** ENTRIES SHOWN follows **

lemma no_signalling_sum_right:
  assumes "no_signalling n Q" "y \<in> seqs n" "as \<in> seqs n" "bs \<in> seqs n"
  shows "(\<Sum>z\<in>seqs n. Q y z as bs) = ns_marg_left n Q y as"
proof -
  have "\<forall>y\<in>seqs n. \<forall>a\<in>seqs n. \<forall>b\<in>seqs n. \<forall>b'\<in>seqs n.
      (\<Sum>z\<in>seqs n. Q y z a b) = (\<Sum>z\<in>seqs n. Q y z a b')"
    using assms(1) unfolding no_signalling_def by (elim conjE)
  from this[rule_format, OF assms(2-4) replicate_in_seqs] show ?thesis
    by (simp add: ns_marg_left_def)
qed

lemma no_signalling_sum_left:
  assumes "no_signalling n Q" "z \<in> seqs n" "as \<in> seqs n" "bs \<in> seqs n"
  shows "(\<Sum>y\<in>seqs n. Q y z as bs) = ns_marg_right n Q z bs"
proof -
  have "\<forall>z\<in>seqs n. \<forall>a\<in>seqs n. \<forall>a'\<in>seqs n. \<forall>b\<in>seqs n.
      (\<Sum>y\<in>seqs n. Q y z a b) = (\<Sum>y\<in>seqs n. Q y z a' b)"
    using assms(1) unfolding no_signalling_def by (elim conjE)
  from this[rule_format, OF assms(2,3) replicate_in_seqs assms(4)] show ?thesis
    by (simp add: ns_marg_right_def)
qed

lemma seq_cond_pdist_ns_marg_left:
  fixes Q :: "'x::finite list \<Rightarrow> 'x list \<Rightarrow> 'a::finite list \<Rightarrow> 'a list \<Rightarrow> real"
  assumes "no_signalling n Q"
  shows "seq_cond_pdist n (ns_marg_left n Q)"
  unfolding seq_cond_pdist_def ns_marg_left_def
proof (intro conjI ballI)
  fix y :: "'x list" and as :: "'a list"
  assume "y \<in> seqs n" "as \<in> seqs n"
  then show "0 \<le> (\<Sum>z\<in>seqs n. Q y z as (replicate n undefined))"
    by (intro sum_nonneg no_signalling_nonneg[OF assms] replicate_in_seqs)
next
  fix as :: "'a list"
  assume "as \<in> seqs n"
  then show "(\<Sum>y\<in>seqs n. \<Sum>z\<in>seqs n. Q y z as (replicate n undefined)) = 1"
    by (rule no_signalling_sum[OF assms _ replicate_in_seqs])
qed

lemma seq_cond_pdist_ns_marg_right:
  fixes Q :: "'x::finite list \<Rightarrow> 'x list \<Rightarrow> 'a::finite list \<Rightarrow> 'a list \<Rightarrow> real"
  assumes "no_signalling n Q"
  shows "seq_cond_pdist n (ns_marg_right n Q)"
  unfolding seq_cond_pdist_def ns_marg_right_def
proof (intro conjI ballI)
  fix z :: "'x list" and bs :: "'a list"
  assume "z \<in> seqs n" "bs \<in> seqs n"
  then show "0 \<le> (\<Sum>y\<in>seqs n. Q y z (replicate n undefined) bs)"
    by (intro sum_nonneg no_signalling_nonneg[OF assms] replicate_in_seqs)
next
  fix bs :: "'a list"
  assume "bs \<in> seqs n"
  then show "(\<Sum>z\<in>seqs n. \<Sum>y\<in>seqs n. Q y z (replicate n undefined) bs) = 1"
    by (subst sum.swap) (rule no_signalling_sum[OF assms replicate_in_seqs])
qed

lemma no_signalling_diag_le:
  assumes "no_signalling n Q" "y \<in> seqs n" "as \<in> seqs n" "bs \<in> seqs n"
  shows "Q y y as bs \<le> sqrt (ns_marg_left n Q y as) * sqrt (ns_marg_right n Q y bs)"
proof -
  have nonneg: "0 \<le> Q y' z as bs" if "y' \<in> seqs n" "z \<in> seqs n" for y' z
    using no_signalling_nonneg assms that by blast
  have "Q y y as bs \<le> ns_marg_left n Q y as"
    using member_le_sum[of y "seqs n" "\<lambda>z. Q y z as bs"] nonneg assms(2)
      no_signalling_sum_right[OF assms] by simp
  moreover have "Q y y as bs \<le> ns_marg_right n Q y bs"
    using member_le_sum[of y "seqs n" "\<lambda>y'. Q y' y as bs"] nonneg assms(2)
      no_signalling_sum_left[OF assms] by simp
  ultimately have "(Q y y as bs)^2 \<le> ns_marg_left n Q y as * ns_marg_right n Q y bs"
    unfolding power2_eq_square using nonneg[OF assms(2,2)] by (intro mult_mono) auto
  then show ?thesis
    by (simp add: real_le_rsqrt flip: real_sqrt_mult)
qed

definition game_value ::
  "('x::finite \<Rightarrow> 'a::finite \<Rightarrow> real) \<Rightarrow> nat \<Rightarrow> ('x list \<Rightarrow> 'x list \<Rightarrow> 'a list \<Rightarrow> 'a list \<Rightarrow> real) \<Rightarrow> real" where
  "game_value P n Q = (\<Sum>xs\<in>seqs n. \<Sum>as\<in>seqs n. \<Sum>bs\<in>seqs n. Pn P n xs as bs * Q xs xs as bs)"

lemma omega_ns_eq_Sup: "omega_ns P n = Sup (game_value P n ` {Q. no_signalling n Q})"
  unfolding omega_ns_def game_value_def by (simp add: setcompr_eq_image)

** End of ENTRIES SHOWN **

EXERCISE OBJECTIVE: Once you have counted every line in the listing that holds the string "from", give that number and nothing else.

ANSWER SECTION: 2